Wednesday, June 24, 2009

Tehran's Tiananmen?

One of my favorite sources for China news, China Digital Times, has a new post that looks at the various comparisons between what is happening in Iran today and the events in Tiananmen Square 20 years ago, leading with the piece on this subject in the NYT today.  It also analyzes how events in Iran are playing in China.  I was particular interested in the piece by Evan Osnos in the New Yorker on how the Chinese blogosphere is commenting on events in Iran: 

There is an engaged, relatively mainstream population that is thinking seriously about what Iran’s experience says about China. Several bloggers, for instance, are using the unrest in Iran as a way to benchmark China’s movement toward democracy.
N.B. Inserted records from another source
(* In the setting below (Algorithm 1), (i) truthful reporting is a Nash equilibrium: for every agent $i\in[m]$ and every strategy $f_i$, $$\mathbb E\big[L_i(\mathrm{id},\dots,\mathrm{id})\big]\le \mathbb E\big[L_i(f_i,(\mathrm{id})_{j\neq i})\big].$$ (ii) If moreover $\Pi$ is not degenerate, then "more data is strictly better": when all agents are truthful, for every agent $i$, every choice of sample sizes $(n_j)_{j\ne i}$ and all $n_i<n_i'$, the expected loss of agent $i$ when holding (and truthfully submitting) $n_i'$ points is strictly smaller than when holding $n_i$ points, the other agents' sample sizes being unchanged.
   Context: Setting (Algorithm 1). Fix $m\ge 2$ agents. A prior $\Pi$ is a probability distribution on the set of Borel probability distributions on $\mathbb{R}$. A random distribution $D\sim\Pi$ is drawn; conditionally on $D$, agent $i\in[m]$ holds a dataset $X_i=(X_{i,1},\dots,X_{i,n_i})$ whose entries are i.i.d. from $D$, independent across agents (one may regard $X_{i,1},X_{i,2},\dots$ as an infinite conditionally i.i.d. sequence of which the agent holds the first $n_i$). A strategy is a measurable map $f:\bigcup_{\ell\ge0}\mathbb{R}^\ell\to\bigcup_{\ell\ge0}\mathbb{R}^\ell$; agent $i$ submits $X_i'=f_i(X_i)$; the truthful strategy $\mathrm{id}$ is the identity. For a finite nonempty multiset $S\subset\mathbb R$ let $F_S(t)=\frac1{|S|}\sum_{s\in S}\mathbf 1\{s\le t\}$. For integers $k\ge0,r\ge1$ let $h_{k,r}:\mathbb R^{k+1}\to[0,1]$ be measurable such that whenever $D\sim\Pi$ and, conditionally on $D$, $Y_1,\dots,Y_k,T,Z_1,\dots,Z_r$ are i.i.d. from $D$, one has $h_{k,r}(Y_1,\dots,Y_k,T)=\mathbb E[F_{\{Z_1,\dots,Z_r\}}(T)\mid Y_1,\dots,Y_k,T]$ a.s. Mechanism: for each agent $i$, let $X'_{-i}=\bigcup_{j\ne i}X'_j$ (multiset union, assumed to have at least 2 elements), pick $T_i$ uniformly at random from $X'_{-i}$ independently of everything else, set $Z_i=X'_{-i}\setminus\{T_i\}$, and define the loss $L_i=\big(h_{|X_i'|,|Z_i|}(X_i',T_i)-F_{Z_i}(T_i)\big)^2\in[0,1]$. $L_i(f_1,\dots,f_m)$ denotes the loss when agents use strategies $f_1,\dots,f_m$. Expectations are over $D\sim\Pi$, the data, and all randomness of mechanism and strategies. Degenerate prior: let $D\sim\Pi$ and, conditionally on $D$, $X_1,X_2,\dots,T,Z$ be i.i.d. from $D$. $\Pi$ is degenerate if for some $n\in\mathbb N$, $P(Z\le T\mid T,X_1,\dots,X_n)=P(Z\le T\mid T,X_1,\dots,X_{n+1})$ almost surely. *)

theory Defs
  imports "HOL-Probability.Probability"
begin

text \<open>Measurable structure on finite real tuples (real lists): the disjoint union
  of the Borel sigma-algebras of the spaces R^l, l = 0,1,2,...\<close>
definition list_borel :: "real list measure" where
  "list_borel = sigma UNIV
     (\<Union>l. (\<lambda>A. {xs. length xs = l \<and> restrict (\<lambda>j. xs ! j) {..<l} \<in> A})
              ` sets (PiM {..<l} (\<lambda>_. (borel :: real measure))))"

definition ecdf :: "real list \<Rightarrow> real \<Rightarrow> real" where
  "ecdf S t = real (length (filter (\<lambda>s. s \<le> t) S)) / real (length S)"

text \<open>Generic "version of a conditional expectation" in the model where D ~ Q and,
  conditionally on D, the coordinates of omega are i.i.d. from D.
  g is a [0,1]-valued measurable function of the coordinates in I, and g of those
  coordinates satisfies the defining property of E[W | coordinates in I].\<close>
definition is_cond_exp ::
  "real measure measure \<Rightarrow> nat set \<Rightarrow> ((nat \<Rightarrow> real) \<Rightarrow> real) \<Rightarrow> ((nat \<Rightarrow> real) \<Rightarrow> real) \<Rightarrow> bool" where
  "is_cond_exp Q I g W \<longleftrightarrow>
     g \<in> borel_measurable (PiM I (\<lambda>_. (borel :: real measure))) \<and>
     (\<forall>x. g x \<in> {0..1}) \<and>
     (\<forall>B \<in> sets (PiM I (\<lambda>_. (borel :: real measure))).
        (\<integral>D. (\<integral>\<omega>. indicator B (restrict \<omega> I) * g (restrict \<omega> I) \<partial>(PiM UNIV (\<lambda>_::nat. D))) \<partial>Q)
      = (\<integral>D. (\<integral>\<omega>. indicator B (restrict \<omega> I) * W \<omega> \<partial>(PiM UNIV (\<lambda>_::nat. D))) \<partial>Q))"

definition is_prior :: "real measure measure \<Rightarrow> bool" where
  "is_prior Q \<longleftrightarrow> prob_space Q \<and> sets Q = sets (prob_algebra (borel :: real measure))"

text \<open>h k r : R^(k+1) -> [0,1] (applied to the list Y_1..Y_k,T) is measurable and
  h k r (Y,T) = E[F_Z(T) | Y,T] a.s., with Y = coordinates 0..k-1, T = coordinate k,
  Z = coordinates k+1..k+r.\<close>
definition valid_h :: "real measure measure \<Rightarrow> (nat \<Rightarrow> nat \<Rightarrow> real list \<Rightarrow> real) \<Rightarrow> bool" where
  "valid_h Q h \<longleftrightarrow> (\<forall>k r. r \<ge> 1 \<longrightarrow>
     is_cond_exp Q {..k} (\<lambda>x. h k r (map x [0..<Suc k]))
        (\<lambda>\<omega>. ecdf (map \<omega> [Suc k..<Suc k + r]) (\<omega> k)))"

text \<open>Degenerate prior: T = coordinate 0, Z = coordinate 1, X_1, X_2, ... = coordinates 2, 3, ...
  For some n, P(Z \<le> T | T, X_1..X_n) = P(Z \<le> T | T, X_1..X_(n+1)) a.s.\<close>
definition degenerate :: "real measure measure \<Rightarrow> bool" where
  "degenerate Q \<longleftrightarrow> (\<exists>n g1 g2.
     is_cond_exp Q (insert 0 {2..<n+2}) g1 (\<lambda>\<omega>. indicator {x. x \<le> \<omega> 0} (\<omega> 1)) \<and>
     is_cond_exp Q (insert 0 {2..<n+3}) g2 (\<lambda>\<omega>. indicator {x. x \<le> \<omega> 0} (\<omega> 1)) \<and>
     (AE D in Q. AE \<omega> in PiM UNIV (\<lambda>_::nat. D).
        g1 (restrict \<omega> (insert 0 {2..<n+2})) = g2 (restrict \<omega> (insert 0 {2..<n+3}))))"

definition sample :: "(nat \<times> nat \<Rightarrow> real) \<Rightarrow> nat \<Rightarrow> nat \<Rightarrow> real list" where
  "sample \<omega> j l = map (\<lambda>k. \<omega> (j, k)) [0..<l]"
Wu Jiaxiang, an intellectual and former researcher in the General Office of the Communist Party Central Committee wrote the other day:

For over ten years, Iran’s presidential elections have had turnout exceeding seventy percent, so much so that the closing hours had to be delayed until midnight. What does that show? It means that indifference towards democracy comes from the lack of democracy. There is no excuse for non-democracy.

Mao Anlin, another blogger, goes one step further:

Even Iran, such a religious country, has had so many years of elections. Candidates can squabble, the results can be questioned, the legislature can talk, and Khamenei can keep right on working. We [in China] insist on appointing every single candidate in advance, even for the chief of Macau. This is more than a little lagging behind Iran.

This is fascinating - Chinese "establishment" commentariat noticing that China has a democracy deficit IN COMPARISON TO IRAN.  

If nothing else, this kind of thing continues to give me some hope that the cramped realism that most policymakers fall into when it comes to China will prove as narrow and, ultimately, incorrect as it did predicting both political events in Iran and how US policy should look.